### Task instructions
Where the records below show a line containing "- \<eta> = \<eta>", start copying; end with the line containing "2 = \<eta>\<^sup>2", and copy it too.

### Collected data

┌──

(* Let $\alpha>0$, $\sigma_A^2\ge0$, $\eta>0$, $q>0$, let $K^*(x)=\alpha x+\tfrac13[(2x+\alpha^2)^{3/2}-\alpha^3]$ and define \[ h(x)=K^*(x)-\eta\sqrt{2x+q^2}+\eta q,\qquad x\ge0. \] Assume $\nabla h(0)\ge0$. Then $h$ is convex and increasing on $\mathbb{R}_+$. Moreover, the diffusion Bellman error \[ \mathcal{E}^D_B(x)=\min_{u\ge0}\Bigl(x+\tfrac12u^2+(-u+\alpha)\nabla h(x)+\tfrac12\sigma_A^2\nabla^2h(x)\Bigr) \] is bounded over $x\in\mathbb{R}_+$, and $|\mathcal{E}^D_B(x)-\eta|=O\bigl((1+x)^{-1/2}\bigr)$ as $x\to\infty$.
   Context: This is the diffusion approximation of the speed scaling queue $X(t+1)=X(t)-U(t)+A(t+1)$ with cost $c(x,u)=x+\tfrac12u^2$, whose i.i.d. arrivals have mean $\alpha$ and variance $\sigma_A^2$; the diffusion generator is $\mathcal{D}^D_uh(x)=(-u+\alpha)\nabla h(x)+\tfrac12\sigma_A^2\nabla^2h(x)$. *)

theory Defs
  imports "HOL-Analysis.Analysis" "HOL-Library.Landau_Symbols"
begin

definition Kstar :: "real \<Rightarrow> real \<Rightarrow> real" where
  "Kstar \<alpha> x = \<alpha> * x + (1/3) * ((2 * x + \<alpha>\<^sup>2) powr (3/2) - \<alpha> ^ 3)"

definition hfun :: "real \<Rightarrow> real \<Rightarrow> real \<Rightarrow> real \<Rightarrow> real" where
  "hfun \<alpha> \<eta> q x = Kstar \<alpha> x - \<eta> * sqrt (2 * x + q\<^sup>2) + \<eta> * q"

definition bellman_err_D ::
  "real \<Rightarrow> real \<Rightarrow> (real \<Rightarrow> real) \<Rightarrow> real \<Rightarrow> real" where
  "bellman_err_D \<alpha> \<sigma>A2 h x =
     (INF u\<in>{0..}. x + u\<^sup>2 / 2 + (- u + \<alpha>) * deriv h x
                    + \<sigma>A2 / 2 * deriv (deriv h) x)"

end

theory Submission
  imports Defs "HOL-Real_Asymp.Real_Asymp"
begin

text \<open>With \<open>s = \<surd>(2x + \<alpha>\<^sup>2)\<close> and \<open>r = \<surd>(2x + q\<^sup>2)\<close> one has \<open>h' = \<alpha> + s - \<eta>/r\<close>, which is
  increasing, so \<open>h\<close> is convex, and \<open>h' \<ge> 0\<close> on \<open>\<real>\<^sub>+\<close> once \<open>h'(0) \<ge> 0\<close>. The minimising control
  is then \<open>u = h'(x)\<close>, and since \<open>K\<^sup>*\<close> solves the Bellman equation exactly (this is the
  identity \<open>s\<^sup>2 = 2x + \<alpha>\<^sup>2\<close>), the Bellman error collapses to
  \<open>\<eta> s/r - \<eta>\<^sup>2/(2r\<^sup>2) + \<sigma>\<^sub>A\<^sup>2/2 \<cdot> (1/s + \<eta>/r\<^sup>3)\<close>. As \<open>s - r = (\<alpha>\<^sup>2 - q\<^sup>2)/(s + r)\<close>, this
  is \<open>\<eta> + O(1/r + 1/s)\<close>, and both \<open>1/r\<close> and \<open>1/s\<close> decay like \<open>(1 + x)\<^sup>-\<^sup>1\<^sup>/\<^sup>2\<close>.\<close>

definition hfun' :: "real \<Rightarrow> real \<Rightarrow> real \<Rightarrow> real \<Rightarrow> real" where
  "hfun' \<alpha> \<eta> q x = \<alpha> + sqrt (2*x + \<alpha>\<^sup>2) - \<eta> / sqrt (2*x + q\<^sup>2)"

definition hfun'' :: "real \<Rightarrow> real \<Rightarrow> real \<Rightarrow> real \<Rightarrow> real" where
  "hfun'' \<alpha> \<eta> q x = 1 / sqrt (2*x + \<alpha>\<^sup>2) + \<eta> / sqrt (2*x + q\<^sup>2) ^ 3"

lemma hfun_has_real_derivative:
  assumes "0 < 2*x + \<alpha>\<^sup>2" "0 < 2*x + q\<^sup>2"
  shows "(hfun \<alpha> \<eta> q has_real_derivative hfun' \<alpha> \<eta> q x) (at x)"
  unfolding hfun_def[abs_def] Kstar_def hfun'_def
  using assms by (auto intro!: derivative_eq_intros
      simp: powr_half_sqrt field_simps real_sqrt_mult[symmetric] power2_eq_square)

lemma hfun'_has_real_derivative:
  assumes "0 < 2*x + \<alpha>\<^sup>2" "0 < 2*x + q\<^sup>2"
  shows "(hfun' \<alpha> \<eta> q has_real_derivative hfun'' \<alpha> \<eta> q x) (at x)"
  unfolding hfun'_def[abs_def] hfun''_def
  using assms by (auto intro!: derivative_eq_intros
      simp: field_simps real_sqrt_mult[symmetric] power2_eq_square power3_eq_cube)

lemma hfun'_mono:
  assumes "x \<le> y" "0 < 2*x + q\<^sup>2" "0 \<le> \<eta>"
  shows "hfun' \<alpha> \<eta> q x \<le> hfun' \<alpha> \<eta> q y"
proof -
  have "\<eta> / sqrt (2*y + q\<^sup>2) \<le> \<eta> / sqrt (2*x + q\<^sup>2)"
    using assms by (intro divide_left_mono) auto
  moreover have "sqrt (2*x + \<alpha>\<^sup>2) \<le> sqrt (2*y + \<alpha>\<^sup>2)"
    using assms by simp
  ultimately show ?thesis
    unfolding hfun'_def by linarith
qed

lemma open_hfun_domain: "open {x::real. 0 < 2*x + \<alpha>\<^sup>2 \<and> 0 < 2*x + q\<^sup>2}"
  by (intro open_Collect_conj open_Collect_less continuous_intros)

lemma deriv_hfun:
  assumes "0 < 2*x + \<alpha>\<^sup>2" "0 < 2*x + q\<^sup>2"
  shows "deriv (hfun \<alpha> \<eta> q) x = hfun' \<alpha> \<eta> q x"
  using assms by (intro DERIV_imp_deriv hfun_has_real_derivative)

lemma deriv_deriv_hfun:
  assumes "0 < 2*x + \<alpha>\<^sup>2" "0 < 2*x + q\<^sup>2"
  shows "deriv (deriv (hfun \<alpha> \<eta> q)) x = hfun'' \<alpha> \<eta> q x"
proof (rule DERIV_imp_deriv)
  show "(deriv (hfun \<alpha> \<eta> q) has_real_derivative hfun'' \<alpha> \<eta> q x) (at x)"
    using assms
    by (intro has_field_derivative_transform_within_open[OF hfun'_has_real_derivative
          open_hfun_domain[of \<alpha> q]]) (auto simp: deriv_hfun)
qed

lemma two_mul_add_power2_pos: "0 \<le> x \<Longrightarrow> a \<noteq> 0 \<Longrightarrow> 0 < 2*x + (a::real)\<^sup>2"
  by (simp add: add_nonneg_pos)

lemma convex_on_hfun:
  assumes "\<alpha> \<noteq> 0" "q \<noteq> 0" "0 \<le> \<eta>"
  shows "convex_on {0..} (hfun \<alpha> \<eta> q)"
proof (rule convex_on_realI[where f' = "hfun' \<alpha> \<eta> q"])
  show "connected {0::real..}"
    by (simp add: is_interval_connected)
  show "(hfun \<alpha> \<eta> q has_real_derivative hfun' \<alpha> \<eta> q x) (at x)" if "x \<in> {0..}" for x
    using that assms by (intro hfun_has_real_derivative two_mul_add_power2_pos) auto
  show "hfun' \<alpha> \<eta> q x \<le> hfun' \<alpha> \<eta> q y" if "x \<in> {0..}" "y \<in> {0..}" "x \<le> y" for x y
    using that assms by (intro hfun'_mono two_mul_add_power2_pos) auto
qed

lemma mono_on_hfun:
  assumes "\<alpha> \<noteq> 0" "q \<noteq> 0" "0 \<le> \<eta>" "0 \<le> hfun' \<alpha> \<eta> q 0"
  shows "mono_on {0..} (hfun \<alpha> \<eta> q)"
proof (rule mono_onI)
  fix x y :: real
  assume "x \<in> {0..}" "y \<in> {0..}" "x \<le> y"
  show "hfun \<alpha> \<eta> q x \<le> hfun \<alpha> \<eta> q y"
  proof (rule DERIV_nonneg_imp_nondecreasing[OF \<open>x \<le> y\<close>])
    fix t assume "x \<le> t" "t \<le> y"
    with \<open>x \<in> {0..}\<close> have t: "0 \<le> t" by simp
    have "0 \<le> hfun' \<alpha> \<eta> q t"
      using t assms hfun'_mono[of 0 t q \<eta> \<alpha>] by (simp add: two_mul_add_power2_pos)
    moreover have "(hfun \<alpha> \<eta> q has_real_derivative hfun' \<alpha> \<eta> q t) (at t)"
      using t assms by (intro hfun_has_real_derivative two_mul_add_power2_pos)
    ultimately show "\<exists>d. (hfun \<alpha> \<eta> q has_real_derivative d) (at t) \<and> 0 \<le> d"
      by blast
  qed
qed

lemma INF_quadratic_control:
  fixes c a d e :: real
  assumes "0 \<le> d"
  shows "(INF u\<in>{0..}. c + u\<^sup>2 / 2 + (- u + a) * d + e) = c - d\<^sup>2 / 2 + a * d + e"
proof (rule cInf_eq_minimum)
  show "c - d\<^sup>2 / 2 + a * d + e \<in> (\<lambda>u. c + u\<^sup>2 / 2 + (- u + a) * d + e) ` {0..}"
    using assms by (intro rev_image_eqI[of d]) (auto simp: power2_eq_square field_simps)
next
  fix y assume "y \<in> (\<lambda>u. c + u\<^sup>2 / 2 + (- u + a) * d + e) ` {0..}"
  then obtain u where "y = c + u\<^sup>2 / 2 + (- u + a) * d + e" by auto
  then have "y = c - d\<^sup>2 / 2 + a * d + e + (u - d)\<^sup>2 / 2"
    by (simp add: power2_eq_square field_simps)
  then show "c - d\<^sup>2 / 2 + a * d + e \<le> y" by simp
qed

lemma bellman_err_D_hfun:
  assumes "0 \<le> x" "\<alpha> \<noteq> 0" "q \<noteq> 0" "0 \<le> hfun' \<alpha> \<eta> q x"
  shows "bellman_err_D \<alpha> \<sigma>A2 (hfun \<alpha> \<eta> q) x
    = \<eta> * sqrt (2*x + \<alpha>\<^sup>2) / sqrt (2*x + q\<^sup>2) - (\<eta> / sqrt (2*x + q\<^sup>2))\<^sup>2 / 2
      + \<sigma>A2 / 2 * hfun'' \<alpha> \<eta> q x"
proof -
  define s where "s = sqrt (2*x + \<alpha>\<^sup>2)"
  define e where "e = \<eta> / sqrt (2*x + q\<^sup>2)"
  have "s\<^sup>2 = 2*x + \<alpha>\<^sup>2"
    using assms by (simp add: s_def two_mul_add_power2_pos less_imp_le)
  then have Kstar_identity: "x - (\<alpha> + s - e)\<^sup>2 / 2 + \<alpha> * (\<alpha> + s - e) = s * e - e\<^sup>2 / 2"
    by (simp add: power2_eq_square field_simps)
  have "bellman_err_D \<alpha> \<sigma>A2 (hfun \<alpha> \<eta> q) x
      = (INF u\<in>{0..}. x + u\<^sup>2 / 2 + (- u + \<alpha>) * hfun' \<alpha> \<eta> q x + \<sigma>A2 / 2 * hfun'' \<alpha> \<eta> q x)"
    using assms unfolding bellman_err_D_def
    by (simp add: deriv_hfun deriv_deriv_hfun two_mul_add_power2_pos)
  also have "\<dots> = x - (hfun' \<alpha> \<eta> q x)\<^sup>2 / 2 + \<alpha> * hfun' \<alpha> \<eta> q x + \<sigma>A2 / 2 * hfun'' \<alpha> \<eta> q x"
    using assms(4) by (rule INF_quadratic_control)
  also have "\<dots> = s * e - e\<^sup>2 / 2 + \<sigma>A2 / 2 * hfun'' \<alpha> \<eta> q x"
    using Kstar_identity by (simp add: hfun'_def s_def e_def)
  finally show ?thesis
    by (simp add: s_def e_def)
qed

lemma bellman_residual_le:
  fixes \<alpha> q s r \<eta> \<sigma> :: real
  assumes "0 < \<alpha>" "\<alpha> \<le> s" "0 < q" "q \<le> r" "s\<^sup>2 - r\<^sup>2 = \<alpha>\<^sup>2 - q\<^sup>2" "0 \<le> \<eta>" "0 \<le> \<sigma>"
  shows "\<bar>\<eta> * s / r - (\<eta> / r)\<^sup>2 / 2 + \<sigma> / 2 * (1 / s + \<eta> / r ^ 3) - \<eta>\<bar>
    \<le> (\<eta> * \<bar>\<alpha>\<^sup>2 - q\<^sup>2\<bar> / \<alpha> + \<eta>\<^sup>2 / (2 * q) + \<sigma> * \<eta> / (2 * q\<^sup>2)) / r + \<sigma> / (2 * s)"
proof -
  have r: "0 < r" and s: "0 < s"
    using assms by linarith+
  have "s - r = (s\<^sup>2 - r\<^sup>2) / (s + r)"
    using r s by (simp add: field_simps power2_eq_square)
  then have "\<bar>s - r\<bar> = \<bar>\<alpha>\<^sup>2 - q\<^sup>2\<bar> / (s + r)"
    using r s assms(5) by simp
  also have "\<dots> \<le> \<bar>\<alpha>\<^sup>2 - q\<^sup>2\<bar> / \<alpha>"
    using assms r by (intro divide_left_mono) auto
  finally have sr: "\<eta> * \<bar>s - r\<bar> \<le> \<eta> * (\<bar>\<alpha>\<^sup>2 - q\<^sup>2\<bar> / \<alpha>)"
    using assms(6) by (rule mult_left_mono)
  have "\<eta> * \<bar>s - r\<bar> / r \<le> \<eta> * \<bar>\<alpha>\<^sup>2 - q\<^sup>2\<bar> / \<alpha> / r"
    using divide_right_mono[OF sr, of r] r by simp
  moreover have "\<bar>\<eta> * s / r - \<eta>\<bar> = \<eta> * \<bar>s - r\<bar> / r"
  proof -
    have "\<eta> * s / r - \<eta> = \<eta> * (s - r) / r"
      using r by (simp add: field_simps)
    then show ?thesis
      using assms r by (simp add: abs_mult)
  qed
  moreover have "(\<eta> / r)\<^sup>2 / 2 \<le> \<eta>\<^sup>2 / (2 * q) / r"
  proof -
    have "(\<eta> / r)\<^sup>2 / 2 = \<eta>\<^sup>2 / (2 * r) / r"
      using r by (simp add: power2_eq_square field_simps)
    also have "\<dots> \<le> \<eta>\<^sup>2 / (2 * q) / r"
      using assms r by (intro divide_right_mono divide_left_mono) auto
    finally show ?thesis .
  qed
  moreover have "\<sigma> / 2 * (\<eta> / r ^ 3) \<le> \<sigma> * \<eta> / (2 * q\<^sup>2) / r"
  proof -
    have "\<sigma> / 2 * (\<eta> / r ^ 3) = \<sigma> * \<eta> / (2 * r\<^sup>2) / r"
      using r by (simp add: power2_eq_square power3_eq_cube field_simps)
    also have "\<dots> \<le> \<sigma> * \<eta> / (2 * q\<^sup>2) / r"
      using assms r by (intro divide_right_mono divide_left_mono mult_left_mono power_mono) auto
    finally show ?thesis .
  qed
  moreover have "0 \<le> (\<eta> / r)\<^sup>2 / 2" "0 \<le> \<sigma> / 2 * (\<eta> / r ^ 3)" "0 \<le> \<sigma> / (2 * s)"
    using assms r s by simp_all
  moreover have "\<sigma> / 2 * (1 / s + \<eta> / r ^ 3) = \<sigma> / (2 * s) + \<sigma> / 2 * (\<eta> / r ^ 3)"
    by (simp add: distrib_left)
  ultimately show ?thesis
    using abs_ge_self[of "\<eta> * s / r - \<eta>"] abs_ge_minus_self[of "\<eta> * s / r - \<eta>"]
    by (simp only: abs_le_iff add_divide_distrib) linarith
qed

lemma bellman_err_D_hfun_residual_le:
  assumes "0 < \<alpha>" "0 < q" "0 \<le> \<eta>" "0 \<le> \<sigma>A2" "0 \<le> x" "0 \<le> hfun' \<alpha> \<eta> q x"
  shows "\<bar>bellman_err_D \<alpha> \<sigma>A2 (hfun \<alpha> \<eta> q) x - \<eta>\<bar>
    \<le> (\<eta> * \<bar>\<alpha>\<^sup>2 - q\<^sup>2\<bar> / \<alpha> + \<eta>\<^sup>2 / (2 * q) + \<sigma>A2 * \<eta> / (2 * q\<^sup>2)) / sqrt (2*x + q\<^sup>2)
      + \<sigma>A2 / (2 * sqrt (2*x + \<alpha>\<^sup>2))"
proof -
  have "\<alpha> \<le> sqrt (2*x + \<alpha>\<^sup>2)" "q \<le> sqrt (2*x + q\<^sup>2)"
    using assms by (simp_all add: real_le_rsqrt)
  moreover have "(sqrt (2*x + \<alpha>\<^sup>2))\<^sup>2 - (sqrt (2*x + q\<^sup>2))\<^sup>2 = \<alpha>\<^sup>2 - q\<^sup>2"
    using assms by (simp add: two_mul_add_power2_pos less_imp_le)
  ultimately show ?thesis
    using assms bellman_residual_le[of \<alpha> "sqrt (2*x + \<alpha>\<^sup>2)" q "sqrt (2*x + q\<^sup>2)" \<eta> \<sigma>A2]
    by (simp add: bellman_err_D_hfun hfun''_def)
qed

theorem proposition6:
  fixes \<alpha> \<sigma>A2 \<eta> q :: real
  assumes "\<alpha> > 0" and "\<sigma>A2 \<ge> 0" and "\<eta> > 0" and "q > 0"
    and "deriv (hfun \<alpha> \<eta> q) 0 \<ge> 0"
  shows "convex_on {0..} (hfun \<alpha> \<eta> q)
    \<and> mono_on {0..} (hfun \<alpha> \<eta> q)
    \<and> (\<exists>B. \<forall>x\<ge>0. \<bar>bellman_err_D \<alpha> \<sigma>A2 (hfun \<alpha> \<eta> q) x\<bar> \<le> B)
    \<and> (\<lambda>x. \<bar>bellman_err_D \<alpha> \<sigma>A2 (hfun \<alpha> \<eta> q) x - \<eta>\<bar>)
           \<in> O[at_top](\<lambda>x. (1 + x) powr (-1/2))"
proof -
  define E where "E = bellman_err_D \<alpha> \<sigma>A2 (hfun \<alpha> \<eta> q)"
  define K where "K = \<eta> * \<bar>\<alpha>\<^sup>2 - q\<^sup>2\<bar> / \<alpha> + \<eta>\<^sup>2 / (2 * q) + \<sigma>A2 * \<eta> / (2 * q\<^sup>2)"
  have h'0: "0 \<le> hfun' \<alpha> \<eta> q 0"
    using assms by (simp add: deriv_hfun)
  have residual: "\<bar>E x - \<eta>\<bar> \<le> K / sqrt (2*x + q\<^sup>2) + \<sigma>A2 / (2 * sqrt (2*x + \<alpha>\<^sup>2))"
    if "0 \<le> x" for x
    using that assms h'0 hfun'_mono[of 0 x q \<eta> \<alpha>] unfolding E_def K_def
    by (intro bellman_err_D_hfun_residual_le) auto
  have "\<bar>E x\<bar> \<le> \<eta> + K / q + \<sigma>A2 / (2 * \<alpha>)" if "0 \<le> x" for x
  proof -
    have "K / sqrt (2*x + q\<^sup>2) \<le> K / q" "\<sigma>A2 / (2 * sqrt (2*x + \<alpha>\<^sup>2)) \<le> \<sigma>A2 / (2 * \<alpha>)"
      using that assms
      by (auto simp: K_def real_le_rsqrt two_mul_add_power2_pos intro!: divide_left_mono mult_pos_pos)
    then show ?thesis
      using residual[OF that] assms by linarith
  qed
  moreover have "(\<lambda>x. \<bar>E x - \<eta>\<bar>) \<in> O[at_top](\<lambda>x. (1 + x) powr (-1/2))"
  proof (rule landau_o.big_trans)
    show "(\<lambda>x. \<bar>E x - \<eta>\<bar>) \<in> O[at_top](\<lambda>x. K / sqrt (2*x + q\<^sup>2) + \<sigma>A2 / (2 * sqrt (2*x + \<alpha>\<^sup>2)))"
    proof (rule landau_o.big_mono)
      show "\<forall>\<^sub>F x in at_top. norm \<bar>E x - \<eta>\<bar>
          \<le> norm (K / sqrt (2*x + q\<^sup>2) + \<sigma>A2 / (2 * sqrt (2*x + \<alpha>\<^sup>2)))"
        using eventually_ge_at_top[of "0::real"]
        by eventually_elim (auto intro: order.trans[OF residual abs_ge_self])
    qed
    show "(\<lambda>x. K / sqrt (2*x + q\<^sup>2) + \<sigma>A2 / (2 * sqrt (2*x + \<alpha>\<^sup>2)))
        \<in> O[at_top](\<lambda>x. (1 + x) powr (-1/2))"
      by real_asymp
  qed
  ultimately show ?thesis
    using assms h'0 convex_on_hfun mono_on_hfun unfolding E_def by auto
qed

end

└──

### Result of the exercise
    have "\<eta> * s / r - \<eta> = \<eta> * (s - r) / r"
      using r by (simp add: field_simps)
    then show ?thesis
      using assms r by (simp add: abs_mult)
  qed
  moreover have "(\<eta> / r)\<^sup>2 / 2 \<le> \<eta>\<^sup>2 / (2 * q) / r"
  proof -
    have "(\<eta> / r)\<^sup>2 / 2 = \<eta>\<^sup>2 / (2 * r) / r"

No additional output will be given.